WORK TO BE COMPLETED — Could you reproduce the lines below from the one with "set \<Rightarrow> ('a \<Rightarrow> complex)" through the one with "S = (\<lambda>i"? Keep both ends and add nothing.

MATERIAL SUPPLIED —
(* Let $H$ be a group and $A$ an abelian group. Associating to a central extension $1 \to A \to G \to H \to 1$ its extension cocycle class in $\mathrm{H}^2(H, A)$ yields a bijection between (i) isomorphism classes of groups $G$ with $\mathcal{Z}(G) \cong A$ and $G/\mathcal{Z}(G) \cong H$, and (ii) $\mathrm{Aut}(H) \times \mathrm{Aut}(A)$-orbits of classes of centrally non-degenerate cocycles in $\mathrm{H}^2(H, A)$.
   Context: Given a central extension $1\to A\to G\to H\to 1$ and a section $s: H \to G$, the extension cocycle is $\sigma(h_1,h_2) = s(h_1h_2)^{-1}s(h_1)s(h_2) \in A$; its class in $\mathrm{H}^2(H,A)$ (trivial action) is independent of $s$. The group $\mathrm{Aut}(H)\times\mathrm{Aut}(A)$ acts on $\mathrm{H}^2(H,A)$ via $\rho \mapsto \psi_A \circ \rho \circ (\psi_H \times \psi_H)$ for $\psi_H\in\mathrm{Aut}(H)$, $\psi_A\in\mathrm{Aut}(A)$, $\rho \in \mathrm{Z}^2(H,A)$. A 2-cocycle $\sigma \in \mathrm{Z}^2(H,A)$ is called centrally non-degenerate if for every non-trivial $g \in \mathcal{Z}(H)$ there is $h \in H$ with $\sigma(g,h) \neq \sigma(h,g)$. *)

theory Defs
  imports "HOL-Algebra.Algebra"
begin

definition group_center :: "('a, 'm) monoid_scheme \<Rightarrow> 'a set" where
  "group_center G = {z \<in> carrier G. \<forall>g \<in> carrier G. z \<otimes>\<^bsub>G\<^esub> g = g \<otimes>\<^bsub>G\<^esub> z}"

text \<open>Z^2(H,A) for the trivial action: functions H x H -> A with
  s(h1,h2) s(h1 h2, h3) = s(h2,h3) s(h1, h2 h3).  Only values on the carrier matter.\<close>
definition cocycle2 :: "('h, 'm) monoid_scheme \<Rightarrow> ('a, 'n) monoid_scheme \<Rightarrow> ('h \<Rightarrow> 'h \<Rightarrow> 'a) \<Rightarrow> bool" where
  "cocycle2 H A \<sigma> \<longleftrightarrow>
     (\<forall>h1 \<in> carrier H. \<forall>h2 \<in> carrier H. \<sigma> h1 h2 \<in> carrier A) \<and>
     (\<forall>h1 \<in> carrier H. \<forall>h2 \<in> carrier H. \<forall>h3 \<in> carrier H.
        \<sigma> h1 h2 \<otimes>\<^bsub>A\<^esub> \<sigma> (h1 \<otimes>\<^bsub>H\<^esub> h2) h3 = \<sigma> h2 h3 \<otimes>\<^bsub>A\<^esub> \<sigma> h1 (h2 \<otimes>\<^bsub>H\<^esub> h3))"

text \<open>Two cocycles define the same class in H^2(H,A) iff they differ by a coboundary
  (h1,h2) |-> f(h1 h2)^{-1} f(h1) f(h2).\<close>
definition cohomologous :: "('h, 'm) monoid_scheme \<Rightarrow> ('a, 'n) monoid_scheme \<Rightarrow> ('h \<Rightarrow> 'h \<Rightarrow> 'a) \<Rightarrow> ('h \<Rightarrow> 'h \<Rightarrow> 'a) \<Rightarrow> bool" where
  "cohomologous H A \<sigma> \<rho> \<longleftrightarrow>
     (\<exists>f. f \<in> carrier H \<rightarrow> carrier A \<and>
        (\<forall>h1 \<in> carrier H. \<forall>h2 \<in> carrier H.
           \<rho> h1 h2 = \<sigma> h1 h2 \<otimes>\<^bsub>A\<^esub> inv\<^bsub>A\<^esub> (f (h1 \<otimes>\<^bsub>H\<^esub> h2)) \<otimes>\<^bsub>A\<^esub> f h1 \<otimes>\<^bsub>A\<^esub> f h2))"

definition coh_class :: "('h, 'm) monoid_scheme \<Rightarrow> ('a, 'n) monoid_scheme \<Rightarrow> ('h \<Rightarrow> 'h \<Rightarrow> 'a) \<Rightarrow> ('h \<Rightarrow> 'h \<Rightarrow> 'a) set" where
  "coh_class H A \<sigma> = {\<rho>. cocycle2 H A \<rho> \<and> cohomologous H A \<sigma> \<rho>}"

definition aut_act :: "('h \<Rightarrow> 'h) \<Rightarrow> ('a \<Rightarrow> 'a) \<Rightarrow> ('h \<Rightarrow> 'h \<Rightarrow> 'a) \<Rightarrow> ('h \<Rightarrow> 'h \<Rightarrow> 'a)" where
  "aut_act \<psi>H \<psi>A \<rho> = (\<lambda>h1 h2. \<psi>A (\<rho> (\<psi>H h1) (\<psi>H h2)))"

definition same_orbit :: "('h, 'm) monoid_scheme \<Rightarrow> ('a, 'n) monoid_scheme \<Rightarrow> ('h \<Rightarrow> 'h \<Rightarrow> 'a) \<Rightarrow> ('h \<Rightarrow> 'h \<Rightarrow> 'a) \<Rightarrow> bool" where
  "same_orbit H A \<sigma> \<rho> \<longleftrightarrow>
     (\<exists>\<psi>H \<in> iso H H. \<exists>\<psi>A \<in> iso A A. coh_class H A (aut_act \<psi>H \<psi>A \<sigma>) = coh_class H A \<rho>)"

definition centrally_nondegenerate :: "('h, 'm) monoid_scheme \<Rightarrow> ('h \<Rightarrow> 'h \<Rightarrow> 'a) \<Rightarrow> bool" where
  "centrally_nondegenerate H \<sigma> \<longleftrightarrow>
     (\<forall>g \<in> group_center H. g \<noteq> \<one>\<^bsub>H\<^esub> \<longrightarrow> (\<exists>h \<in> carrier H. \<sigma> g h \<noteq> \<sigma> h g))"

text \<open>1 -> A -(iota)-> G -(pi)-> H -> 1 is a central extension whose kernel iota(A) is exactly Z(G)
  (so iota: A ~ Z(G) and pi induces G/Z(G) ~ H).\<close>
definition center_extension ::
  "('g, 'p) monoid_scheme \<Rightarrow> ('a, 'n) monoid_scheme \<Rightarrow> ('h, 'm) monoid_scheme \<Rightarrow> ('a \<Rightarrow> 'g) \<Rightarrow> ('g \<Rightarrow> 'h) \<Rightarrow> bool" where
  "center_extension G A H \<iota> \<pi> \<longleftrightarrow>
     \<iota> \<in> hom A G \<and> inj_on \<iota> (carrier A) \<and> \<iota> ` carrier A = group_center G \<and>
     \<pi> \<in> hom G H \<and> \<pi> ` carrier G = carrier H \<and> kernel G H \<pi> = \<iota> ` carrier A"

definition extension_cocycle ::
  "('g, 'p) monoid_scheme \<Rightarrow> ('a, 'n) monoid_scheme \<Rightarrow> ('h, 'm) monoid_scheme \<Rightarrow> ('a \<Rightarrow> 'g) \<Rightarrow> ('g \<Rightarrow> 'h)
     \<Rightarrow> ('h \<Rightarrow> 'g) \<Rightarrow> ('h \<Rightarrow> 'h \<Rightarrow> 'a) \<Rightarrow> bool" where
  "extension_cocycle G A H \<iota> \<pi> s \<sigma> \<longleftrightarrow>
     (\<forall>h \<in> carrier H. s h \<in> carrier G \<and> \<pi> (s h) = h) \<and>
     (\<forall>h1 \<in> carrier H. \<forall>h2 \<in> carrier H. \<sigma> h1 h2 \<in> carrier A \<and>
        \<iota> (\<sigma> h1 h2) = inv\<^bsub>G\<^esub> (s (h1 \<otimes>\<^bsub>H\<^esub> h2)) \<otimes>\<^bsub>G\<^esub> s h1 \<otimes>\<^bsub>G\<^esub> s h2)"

...

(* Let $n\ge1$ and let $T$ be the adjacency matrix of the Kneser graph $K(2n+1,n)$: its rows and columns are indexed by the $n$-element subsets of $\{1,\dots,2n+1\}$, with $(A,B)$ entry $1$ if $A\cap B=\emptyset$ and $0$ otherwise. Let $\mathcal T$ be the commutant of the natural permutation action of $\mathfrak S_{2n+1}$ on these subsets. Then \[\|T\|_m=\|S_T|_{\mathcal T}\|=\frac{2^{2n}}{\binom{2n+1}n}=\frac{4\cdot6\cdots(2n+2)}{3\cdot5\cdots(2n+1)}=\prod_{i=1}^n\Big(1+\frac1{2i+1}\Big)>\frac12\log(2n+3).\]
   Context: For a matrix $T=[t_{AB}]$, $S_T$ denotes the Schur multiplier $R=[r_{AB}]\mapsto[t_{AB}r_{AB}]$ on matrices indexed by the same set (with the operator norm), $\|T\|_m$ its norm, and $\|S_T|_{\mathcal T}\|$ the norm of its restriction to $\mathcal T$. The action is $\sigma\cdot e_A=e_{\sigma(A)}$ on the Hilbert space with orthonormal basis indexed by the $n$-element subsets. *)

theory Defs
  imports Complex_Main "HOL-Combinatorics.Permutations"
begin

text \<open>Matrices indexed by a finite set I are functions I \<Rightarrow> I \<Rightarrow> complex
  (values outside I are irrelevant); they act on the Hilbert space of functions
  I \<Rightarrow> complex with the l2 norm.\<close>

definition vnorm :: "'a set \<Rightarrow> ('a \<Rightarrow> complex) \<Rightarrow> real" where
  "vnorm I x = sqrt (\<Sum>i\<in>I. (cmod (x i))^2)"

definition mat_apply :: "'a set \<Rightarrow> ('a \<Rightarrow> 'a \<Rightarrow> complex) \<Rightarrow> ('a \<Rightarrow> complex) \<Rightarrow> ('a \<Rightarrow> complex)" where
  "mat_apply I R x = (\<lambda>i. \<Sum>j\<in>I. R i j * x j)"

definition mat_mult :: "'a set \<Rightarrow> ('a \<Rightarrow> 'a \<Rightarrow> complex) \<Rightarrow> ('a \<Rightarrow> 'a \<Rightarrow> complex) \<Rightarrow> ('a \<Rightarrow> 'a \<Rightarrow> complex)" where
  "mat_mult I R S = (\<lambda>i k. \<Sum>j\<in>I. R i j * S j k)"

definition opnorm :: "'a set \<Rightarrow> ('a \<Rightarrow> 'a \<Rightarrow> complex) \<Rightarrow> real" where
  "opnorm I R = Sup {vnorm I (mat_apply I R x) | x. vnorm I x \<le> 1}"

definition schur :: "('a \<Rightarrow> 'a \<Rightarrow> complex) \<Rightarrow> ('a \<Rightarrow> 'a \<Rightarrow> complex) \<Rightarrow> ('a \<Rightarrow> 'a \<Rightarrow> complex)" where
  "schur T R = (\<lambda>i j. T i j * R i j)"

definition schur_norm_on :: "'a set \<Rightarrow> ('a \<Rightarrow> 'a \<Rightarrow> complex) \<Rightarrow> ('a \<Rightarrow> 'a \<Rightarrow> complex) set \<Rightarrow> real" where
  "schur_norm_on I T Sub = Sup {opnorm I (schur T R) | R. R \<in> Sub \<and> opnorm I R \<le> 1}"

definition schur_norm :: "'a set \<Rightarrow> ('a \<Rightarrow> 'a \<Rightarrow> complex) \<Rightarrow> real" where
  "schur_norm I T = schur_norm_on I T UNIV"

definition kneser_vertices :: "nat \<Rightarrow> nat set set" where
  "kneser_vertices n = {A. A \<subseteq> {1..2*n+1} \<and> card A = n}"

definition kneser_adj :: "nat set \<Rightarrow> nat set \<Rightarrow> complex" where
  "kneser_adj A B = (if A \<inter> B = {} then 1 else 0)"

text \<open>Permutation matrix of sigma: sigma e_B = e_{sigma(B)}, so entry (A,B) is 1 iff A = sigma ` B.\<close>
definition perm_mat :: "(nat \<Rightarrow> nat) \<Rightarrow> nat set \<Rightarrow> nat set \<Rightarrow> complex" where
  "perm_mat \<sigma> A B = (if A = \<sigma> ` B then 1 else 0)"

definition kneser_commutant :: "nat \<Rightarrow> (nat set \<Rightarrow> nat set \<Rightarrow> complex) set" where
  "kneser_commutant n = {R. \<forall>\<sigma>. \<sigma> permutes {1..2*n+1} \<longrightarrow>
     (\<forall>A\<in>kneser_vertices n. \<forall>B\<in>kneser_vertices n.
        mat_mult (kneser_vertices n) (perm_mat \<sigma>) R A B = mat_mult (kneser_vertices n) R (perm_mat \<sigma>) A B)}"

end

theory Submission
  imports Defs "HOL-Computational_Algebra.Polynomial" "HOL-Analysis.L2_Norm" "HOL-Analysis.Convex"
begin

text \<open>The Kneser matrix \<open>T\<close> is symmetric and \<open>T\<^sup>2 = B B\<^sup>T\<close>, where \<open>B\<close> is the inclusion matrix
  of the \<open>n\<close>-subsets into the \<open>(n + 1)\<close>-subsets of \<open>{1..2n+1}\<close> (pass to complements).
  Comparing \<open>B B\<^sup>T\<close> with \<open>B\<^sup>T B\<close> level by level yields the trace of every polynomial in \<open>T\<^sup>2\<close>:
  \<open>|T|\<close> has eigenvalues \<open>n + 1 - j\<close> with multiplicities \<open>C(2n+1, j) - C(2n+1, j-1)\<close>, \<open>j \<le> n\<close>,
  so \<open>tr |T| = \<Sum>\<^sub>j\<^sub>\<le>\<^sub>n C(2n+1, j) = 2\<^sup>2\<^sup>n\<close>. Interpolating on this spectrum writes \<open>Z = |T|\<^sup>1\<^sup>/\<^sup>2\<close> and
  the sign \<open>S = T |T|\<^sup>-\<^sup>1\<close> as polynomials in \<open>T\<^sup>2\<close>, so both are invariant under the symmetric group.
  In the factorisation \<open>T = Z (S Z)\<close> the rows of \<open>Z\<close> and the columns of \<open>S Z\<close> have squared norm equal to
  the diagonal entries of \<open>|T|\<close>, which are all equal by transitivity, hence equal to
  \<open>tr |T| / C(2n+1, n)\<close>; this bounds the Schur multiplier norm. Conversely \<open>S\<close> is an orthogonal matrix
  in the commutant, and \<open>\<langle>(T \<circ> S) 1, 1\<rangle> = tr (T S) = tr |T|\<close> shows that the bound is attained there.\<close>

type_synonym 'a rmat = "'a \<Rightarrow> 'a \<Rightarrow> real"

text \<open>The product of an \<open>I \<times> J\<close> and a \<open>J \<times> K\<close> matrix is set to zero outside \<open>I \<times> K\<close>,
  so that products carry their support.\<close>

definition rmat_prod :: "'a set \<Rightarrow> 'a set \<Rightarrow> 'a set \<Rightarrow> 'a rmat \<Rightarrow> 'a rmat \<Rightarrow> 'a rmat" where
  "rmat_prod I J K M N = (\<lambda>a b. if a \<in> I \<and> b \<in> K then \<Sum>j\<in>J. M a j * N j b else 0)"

RESULT OF THE TASK —
definition vnorm :: "'a set \<Rightarrow> ('a \<Rightarrow> complex) \<Rightarrow> real" where
  "vnorm I x = sqrt (\<Sum>i\<in>I. (cmod (x i))^2)"

definition mat_apply :: "'a set \<Rightarrow> ('a \<Rightarrow> 'a \<Rightarrow> complex) \<Rightarrow> ('a \<Rightarrow> complex) \<Rightarrow> ('a \<Rightarrow> complex)" where
  "mat_apply I R x = (\<lambda>i. \<Sum>j\<in>I. R i j * x j)"

definition mat_mult :: "'a set \<Rightarrow> ('a \<Rightarrow> 'a \<Rightarrow> complex) \<Rightarrow> ('a \<Rightarrow> 'a \<Rightarrow> complex) \<Rightarrow> ('a \<Rightarrow> 'a \<Rightarrow> complex)" where
  "mat_mult I R S = (\<lambda>i k. \<Sum>j\<in>I. R i j * S j k)"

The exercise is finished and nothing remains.